This study investigated the prognosis of high-risk stage II (T4N0) and low-risk stage III (T1-2N1, T1-2N2, T3N1) colorectal cancers, including the effects of postoperative chemotherapy. The number of patients who received AC was less in the T4N0 group. Survival analysis showed that T4N0 patients had a worse prognosis than the other groups. Multivariate analysis of RFS and OS showed that T4N0 was an independent predictor of a poor prognosis. The efficacy of AC for OS was demonstrated in T1-2N1 patients, but not in T4N0 patients.
In the present study, there was a difference in prognosis for each group. Moreover, high-risk II appeared to have a worse prognosis than low-risk Stage III. Previous reports suggested that the reason for the poor prognosis of T4N0 is the infrequent use of systemic chemotherapy in stage II patients and stage migration due to inadequate lymph node retrieval [3].
In the present study, AC was one of the prognostic factors for both OS and RFS in the overall cohort, but the efficacy of AC for T4N0 patients was not demonstrated. On the other hand, AC was associated with a better prognosis in Stage III. A previous retrospective study showed a benefit of chemotherapy in T4N0 patients, which differed from the present results [2]. There are several possible reasons why AC was not shown to be effective for T4N0 patients in the present study. One possible reason may be that only 28% of the patients in the present study received AC, whereas 86% of the patients in the previous study received AC, and the sample number may have been small [4]. Another possibility is that, of the patients who received AC, the number of patients who received doublet therapy was small. Furthermore, it has been reported that MSI-high tumors account for 6–10% of Stage II colorectal cancers, suggesting that fluoropyrimidine monotherapy may be ineffective in MSI-high tumors [5]. However, T4N0 tends to have a higher incidence of complications, and in cases where complications arise, many patients experience a decline in ADL or a delay in the initiation of adjuvant therapy, making it difficult to administer postoperative adjuvant therapy. Therefore, we believe that preoperative treatment should be considered for both rectal and colon cancer in T4N0 cases. Preoperative chemotherapy for T4N0 colon cancer has shown an effective downstaging effect to pT2 or less in about 8% of cases, with minimal risk of upstaging [6]. In the present study, T4N0 had a higher tendency for peritoneal dissemination recurrence compared to other groups. If downstaging of the T factor can be achieved through preoperative treatment, it may prevent the occurrence of peritoneal dissemination metastasis due to surgical manipulation and reduce the incidence of postoperative peritoneal dissemination recurrence.

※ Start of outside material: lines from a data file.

(* Let $K$ be a number field and $C$ the correspondence $g(y)=f(x)$ with $f,g\in K[z]$, $\deg f=d>\deg g=e\ge1$. Let $P$ be a path of $C$ with entries in $\overline{K}$. Then $v\mapsto G_C(P,v)$ is a measurable function on $M_{\overline{K}}$, the limit $\hat h_C(P)=\lim_{n\to\infty}(e/d)^nh(\pi(\sigma^n(P)))$ exists, and \[\hat h_C(P)=\int_{M_{\overline{K}}}G_C(P,v)\,d\mu(v).\]
   Context: $C=\{(a,b)\in\overline{K}^2:g(b)=f(a)\}$. A path is $P=(x_n)_{n\ge0}$ with $(x_n,x_{n+1})\in C$; $\pi(P)=x_0$, $\sigma(P)=(x_{n+1})_n$. $G_C(P,v)=\lim_n(e/d)^n\log^+|\pi(\sigma^nP)|_v$. $h$ is the absolute logarithmic Weil height. $M_{\overline{K}}$ is the set of absolute values on $\overline{K}$ extending the (normalized) places of $K$, equipped with a $\sigma$-algebra and measure $\mu$ such that for every finite extension $L/K$ and place $w$ of $L$ the set of $v$ restricting to $w$ is measurable with measure $[L_w:K_w]/[L:K]$, and $h(\alpha)=\int\log^+|\alpha|_v\,d\mu(v)$ for all $\alpha\in\overline{K}$. *)

theory Defs
  imports "HOL-Analysis.Analysis" "HOL-Computational_Algebra.Computational_Algebra"
    "HOL-Library.FuncSet"
begin

text \<open>Model: the algebraic closure of Q is realised as the set of algebraic complex
numbers; a number field K is a subfield of it of finite dimension over Q.\<close>

definition alg :: "complex set" where
  "alg = {z. algebraic z}"

definition subfield :: "complex set \<Rightarrow> bool" where
  "subfield S \<longleftrightarrow> 0 \<in> S \<and> 1 \<in> S \<and> (\<forall>x\<in>S. \<forall>y\<in>S. x + y \<in> S \<and> x * y \<in> S)
     \<and> (\<forall>x\<in>S. - x \<in> S \<and> inverse x \<in> S)"

definition number_field :: "complex set \<Rightarrow> bool" where
  "number_field K \<longleftrightarrow> subfield K \<and> K \<subseteq> alg \<and>
     (\<exists>B. finite B \<and> B \<subseteq> K \<and> K \<subseteq> {\<Sum>b\<in>B. of_rat (c b) * b | c. True})"

text \<open>Field embeddings of L into the algebraic closure (extensional: 0 outside L);
their number is the absolute degree [L:Q].\<close>

definition emb :: "complex set \<Rightarrow> (complex \<Rightarrow> complex) set" where
  "emb L = {\<tau>. \<tau> 1 = 1 \<and> (\<forall>x\<in>L. \<forall>y\<in>L. \<tau> (x + y) = \<tau> x + \<tau> y \<and> \<tau> (x * y) = \<tau> x * \<tau> y)
              \<and> (\<forall>x. x \<notin> L \<longrightarrow> \<tau> x = 0)}"

definition deg :: "complex set \<Rightarrow> nat" where
  "deg L = card (emb L)"

text \<open>Standard absolute values of Q: p = 0 is the archimedean one, p prime the p-adic one
with |p|_p = 1/p.\<close>

definition absval_Q :: "nat \<Rightarrow> rat \<Rightarrow> real" where
  "absval_Q p q = (if p = 0 then \<bar>real_of_rat q\<bar> else if q = 0 then 0 else
     (case quotient_of q of (a, b) \<Rightarrow>
        real p powr (real (multiplicity (int p) b) - real (multiplicity (int p) a))))"

definition std_absval :: "(complex \<Rightarrow> real) \<Rightarrow> bool" where
  "std_absval \<phi> \<longleftrightarrow>
     (\<forall>x\<in>alg. 0 \<le> \<phi> x \<and> (\<phi> x = 0 \<longleftrightarrow> x = 0)) \<and>
     (\<forall>x\<in>alg. \<forall>y\<in>alg. \<phi> (x * y) = \<phi> x * \<phi> y \<and> \<phi> (x + y) \<le> \<phi> x + \<phi> y) \<and>
     (\<forall>x. x \<notin> alg \<longrightarrow> \<phi> x = 0) \<and>
     (\<exists>p. (p = 0 \<or> prime p) \<and> (\<forall>q. \<phi> (of_rat q) = absval_Q p q))"

text \<open>Local degree [L_w : Q_p] of the place w of L induced by phi: the number of
embeddings tau of L with phi o tau = phi on L.\<close>

definition ldeg :: "complex set \<Rightarrow> (complex \<Rightarrow> real) \<Rightarrow> nat" where
  "ldeg L \<phi> = card {\<tau> \<in> emb L. \<forall>x\<in>L. \<phi> (\<tau> x) = \<phi> x}"

definition norm_av :: "complex set \<Rightarrow> (complex \<Rightarrow> real) \<Rightarrow> complex \<Rightarrow> real" where
  "norm_av K \<phi> = (\<lambda>x. \<phi> x powr (real (ldeg K \<phi>) / real (deg K)))"

definition MKbar :: "complex set \<Rightarrow> (complex \<Rightarrow> real) set" where
  "MKbar K = norm_av K ` {\<phi>. std_absval \<phi>}"

definition logplus :: "real \<Rightarrow> real" where
  "logplus x = (if x \<le> 1 then 0 else ln x)"

definition gen_field :: "complex \<Rightarrow> complex set" where
  "gen_field \<alpha> = \<Inter>{S. subfield S \<and> \<alpha> \<in> S}"

definition places :: "complex set \<Rightarrow> (complex \<Rightarrow> real) set" where
  "places L = (\<lambda>\<phi>. restrict \<phi> L) ` {\<phi>. std_absval \<phi>}"

definition place_ldeg :: "complex set \<Rightarrow> (complex \<Rightarrow> real) \<Rightarrow> nat" where
  "place_ldeg L w = ldeg L (SOME \<phi>. std_absval \<phi> \<and> restrict \<phi> L = w)"

definition weil_height :: "complex \<Rightarrow> real" where
  "weil_height \<alpha> = (let L = gen_field \<alpha> in
     (\<Sum>\<^sub>\<infinity>w\<in>places L. real (place_ldeg L w) * logplus (w \<alpha>)) / real (deg L))"

text \<open>Paths of the correspondence C : g(y) = f(x), i.e. g(x_{n+1}) = f(x_n);
pi (sigma^n P) = P n.\<close>

definition is_path :: "complex poly \<Rightarrow> complex poly \<Rightarrow> (nat \<Rightarrow> complex) \<Rightarrow> bool" where
  "is_path f g P \<longleftrightarrow> (\<forall>n. poly g (P (Suc n)) = poly f (P n))"

definition shift :: "(nat \<Rightarrow> complex) \<Rightarrow> nat \<Rightarrow> complex" where
  "shift P = (\<lambda>n. P (Suc n))"

definition path_proj :: "(nat \<Rightarrow> complex) \<Rightarrow> complex" where
  "path_proj P = P 0"

definition GC :: "complex poly \<Rightarrow> complex poly \<Rightarrow> (nat \<Rightarrow> complex) \<Rightarrow> (complex \<Rightarrow> real) \<Rightarrow> real" where
  "GC f g P v = lim (\<lambda>n. (real (degree g) / real (degree f)) ^ n
                          * logplus (v (path_proj ((shift ^^ n) P))))"

end

theory Submission
  imports Defs
begin

text \<open>
  For each place \<open>v\<close>, the relation \<open>g(x\<^sub>n\<^sub>+\<^sub>1) = f(x\<^sub>n)\<close> and elementary size estimates for
  polynomials give \<open>|d log\<^sup>+|x\<^sub>n|\<^sub>v - e log\<^sup>+|x\<^sub>n\<^sub>+\<^sub>1|\<^sub>v| \<le> C\<^sub>v\<close>, where \<open>C\<^sub>v\<close> is built from
  \<open>log\<^sup>+\<close> of the coefficients of \<open>f\<close> and \<open>g\<close> and is therefore integrable.  Hence
  \<open>(e/d)\<^sup>n log\<^sup>+|x\<^sub>n|\<^sub>v\<close> has geometrically decreasing increments, converges to \<open>G\<^sub>C(P,v)\<close> and is
  dominated by an integrable function; integrating with \<open>h(\<alpha>) = \<integral> log\<^sup>+|\<alpha>|\<^sub>v d\<mu>\<close> and applying
  dominated convergence gives the formula for the canonical height.

  Measurability of \<open>v \<mapsto> |\<alpha>|\<^sub>v\<close> holds because it is constant on the fibres of restriction to a
  number field \<open>L \<ni> \<alpha>\<close>.  These fibres are measurable with measure at least \<open>1/[L:\<rat>]\<close>, and above
  a fixed rational prime some rational number has absolute value \<open>> 1\<close> on all of them, so
  finiteness of its height leaves only finitely many; hence there are countably many fibres.
\<close>

section \<open>Subfields and number fields\<close>

interpretation rat_vs: vector_space "\<lambda>(q::rat) (x::complex). of_rat q * x"
  by unfold_locales (auto simp: algebra_simps of_rat_add of_rat_mult)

The multivariable analysis for OS and RFS in all patients identified PS > 3, AC, and Group D (T4N0) as independent factors associated with prognosis. Patients with poor PS may not be able to receive AC, or it may be difficult for them to receive systemic chemotherapy after relapse. In the present study, even though the percentage of patients with good PS was higher in Group D than in other groups, the rate of AC was lower. Considering the low rate of AC administration likely due to Stage II, it is important to note that T4N0 has a poor prognosis. Therefore, as previously mentioned, preoperative chemotherapy might be recommended.
In the present study, the factor associated with poor RFS in Group D (T4N0) was rectal location, and the factors associated with poor OS were male and poor PS. There have been many studies showing that T4N0 has a poor prognosis, but few studies have identified which of these cases have a poor prognosis [1, 2]. The reason why the factor associated with poor RFS is the rectum may be that, in surgery for T4 rectal cancer, it is more difficult to ensure a circumferential resection margin, and local recurrence is more common than for colon cancer [7]. Therefore, it is better to perform intensive AC for T4 rectal cancer. The reason why the rectum was not a prognostic factor for OS may be that local control of rectal recurrence may be possible with radiation therapy or metastasectomy.
The present study has several limitations. First, this was a retrospective study of a relatively small cohort. Second, the chemotherapy regimen and duration depended on the surgeon’s choice and the patient’s wishes. Third, in this study, the number of T4N0 cases was small, the rate of chemotherapy administration was low, and the chemotherapy regimens varied, which may have impacted the survival analysis.
In conclusion, the results suggest that high-risk Stage II colorectal cancer may have a worse prognosis than low-risk Stage III colorectal cancer. In addition, AC was effective in improving the prognosis of low-risk Stage III patients. For T4N0 cases, further large-scale studies are needed to evaluate the appropriate use of adjuvant chemotherapy.